Non siamo una categoria protetta, non siamo una minoranza, sappiamo tenere un palco. E il fatto che da Sandro Veronesi in poi si stiano alzando voci maschili contro la sottorappresentazione femminile è un bene. Ma per questo ci battiamo da anni. Sarebbe ancora meglio cominciare ad ascoltare noi

Le storie ben raccontate non iniziano dal principio, ma da un evento importante, qualcosa che avviene e cambia le carte in tavola. Per molta gente, negli ultimi giorni, l’evento è stato l’impegno pubblico di Sandro Veronesi a non partecipare più a festival in cui le donne non siano adeguatamente rappresentate: Veronesi, fresco di Premio Strega e già molto popolare, ha usato la sua fama e la sua visibilità per rilanciare il grido di battaglia della manifestazione EROSive, con cui il 18 settembre a Verona Federica Cacciola, Maura Gancitano, Vera Gheno, Michela Murgia, Chiara Valerio e io abbiamo occupato Piazza Bra per mostrare agli ospiti e organizzatori del Festival della Bellezza che l’unico motivo per non avere donne in cartellone era la misoginia e la profonda convinzione che le donne non siano in grado di attirare pubblico a una manifestazione. Per parlare di eros, poi! Disdicevole.

La nostra vicenda, però, non inizia con EROSive, né con le proteste contro il Festival della Bellezza. La sottorappresentazione delle donne è un argomento che le femministe discutono e fanno osservare da anni, e come ogni lotta che riguarda le donne ha avuto e ha tuttora bisogno di sedimentare, di consolidarsi nella percezione collettiva.

Come spesso succede, le cose diventano vere solo quando le dicono gli uomini – non me ne voglia Veronesi, non è un attacco ma una constatazione – bianchi, etero, di mezza età, borghesi.



Con questo non voglio dire che Veronesi abbia fatto male a esporsi.
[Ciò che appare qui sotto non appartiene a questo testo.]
(* Let $\varphi$ be a metric-compatible function and $T\in\mathrm{Aut}(X,\mu)$ ergodic. Let $U\in[T]_\varphi$, $A\subseteq X$ measurable, and $(A_n)_{n\ge0}$ measurable subsets of $A$ with $\lim_n\mu(A\setminus A_n)=0$. Then $\lim_n d_{\varphi,T}(U_{A_n},U_A)=0$.
   Context: $(X,\mu)$ standard atomless probability space; $\mathrm{Aut}(X,\mu)$ measure-preserving transformations modulo null sets. For aperiodic $T$, $[T]$ is the set of $U\in\mathrm{Aut}(X,\mu)$ with $U(x)=T^{c_U(x)}(x)$ a.e. for a measurable $c_U:X\to\mathbb Z$. $\varphi:\mathbb R_+\to\mathbb R_+$ is metric-compatible if subadditive, non-decreasing, $\varphi(0)=0$, $\varphi(t)>0$ for $t>0$. $[T]_\varphi=\{U\in[T]:\int_X\varphi(|c_U|)d\mu<\infty\}$, $d_{\varphi,T}(U,V)=\int_X\varphi(|c_U(x)-c_V(x)|)d\mu$. The first return map $U_B$ to a measurable $B$ is $U_B(x)=U^{n(x)}(x)$, $n(x)=\min\{n\ge1:U^n(x)\in B\}$, for $x\in B$, and $U_B(x)=x$ for $x\notin B$. *)

theory Defs
  imports "HOL-Probability.Probability"
begin

definition std_atomless_prob :: "('a::polish_space) measure \<Rightarrow> bool" where
  "std_atomless_prob M \<longleftrightarrow> prob_space M \<and> sets M = sets borel \<and>
     (\<forall>x. emeasure M {x} = 0)"

text \<open>Measure-preserving automorphisms (representatives of elements of Aut(X,mu)).\<close>
definition mp_aut :: "'a measure \<Rightarrow> ('a \<Rightarrow> 'a) \<Rightarrow> bool" where
  "mp_aut M T \<longleftrightarrow> bij_betw T (space M) (space M) \<and> T \<in> M \<rightarrow>\<^sub>M M \<and>
     inv_into (space M) T \<in> M \<rightarrow>\<^sub>M M \<and> distr M M T = M"

definition ergodic_aut :: "'a measure \<Rightarrow> ('a \<Rightarrow> 'a) \<Rightarrow> bool" where
  "ergodic_aut M T \<longleftrightarrow> mp_aut M T \<and>
     (\<forall>A \<in> sets M. T -` A \<inter> space M = A \<longrightarrow> measure M A = 0 \<or> measure M A = 1)"

definition tpow :: "'a measure \<Rightarrow> ('a \<Rightarrow> 'a) \<Rightarrow> int \<Rightarrow> 'a \<Rightarrow> 'a" where
  "tpow M T k = (if 0 \<le> k then T ^^ nat k else (inv_into (space M) T) ^^ nat (- k))"

definition is_cocycle :: "'a measure \<Rightarrow> ('a \<Rightarrow> 'a) \<Rightarrow> ('a \<Rightarrow> 'a) \<Rightarrow> ('a \<Rightarrow> int) \<Rightarrow> bool" where
  "is_cocycle M T U c \<longleftrightarrow> c \<in> M \<rightarrow>\<^sub>M count_space UNIV \<and>
     (AE x in M. U x = tpow M T (c x) x)"

definition full_group :: "'a measure \<Rightarrow> ('a \<Rightarrow> 'a) \<Rightarrow> ('a \<Rightarrow> 'a) set" where
  "full_group M T = {U. mp_aut M U \<and> (\<exists>c. is_cocycle M T U c)}"

text \<open>The cocycle c_U (unique a.e. for aperiodic T).\<close>
definition cocycle :: "'a measure \<Rightarrow> ('a \<Rightarrow> 'a) \<Rightarrow> ('a \<Rightarrow> 'a) \<Rightarrow> 'a \<Rightarrow> int" where
  "cocycle M T U = (SOME c. is_cocycle M T U c)"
Tutt’altro: ha fatto benissimo, come prima di lui aveva fatto bene il Ministro per il Sud Giuseppe Provenzano a ritirarsi dal convegno a totalità maschile al quale era invitato, e ha fatto bene Massimiliano Coccia a dire che anche lui non accetta più di partecipare a certe sagre della salsiccia, così come il Ministro per l’Università Lorenzo Fioramonti, e Hamid Ziarati, e la lista è in continuo aggiornamento.

Perché la protesta caso per caso non basta più, serve il boicottaggio: le donne non sono una minoranza, non sono una categoria protetta, sono persone con competenza, visione, capacità individuali. Sanno tenere un palco – l’abbiamo dimostrato con EROSive, non vi pare? Da un palchetto di un metro scarso tirato su dalle attiviste di Non una di meno Verona, senza la grandeur dell’Arena intorno, abbiamo fatto ridere e applaudire e giubilare una piazza intera – e sanno parlare di ogni cosa. Per alcuni sarà stata una novità. Per altri no. Ma quando dalla protesta passi alla dimostrazione pratica della falsità di alcune scuse (oltre ai sempreverdi “Non potevano” o “Non le abbiamo trovate” abbiamo la new entry “Problematiche legate al Covid”) non è più possibile chiamarsi fuori.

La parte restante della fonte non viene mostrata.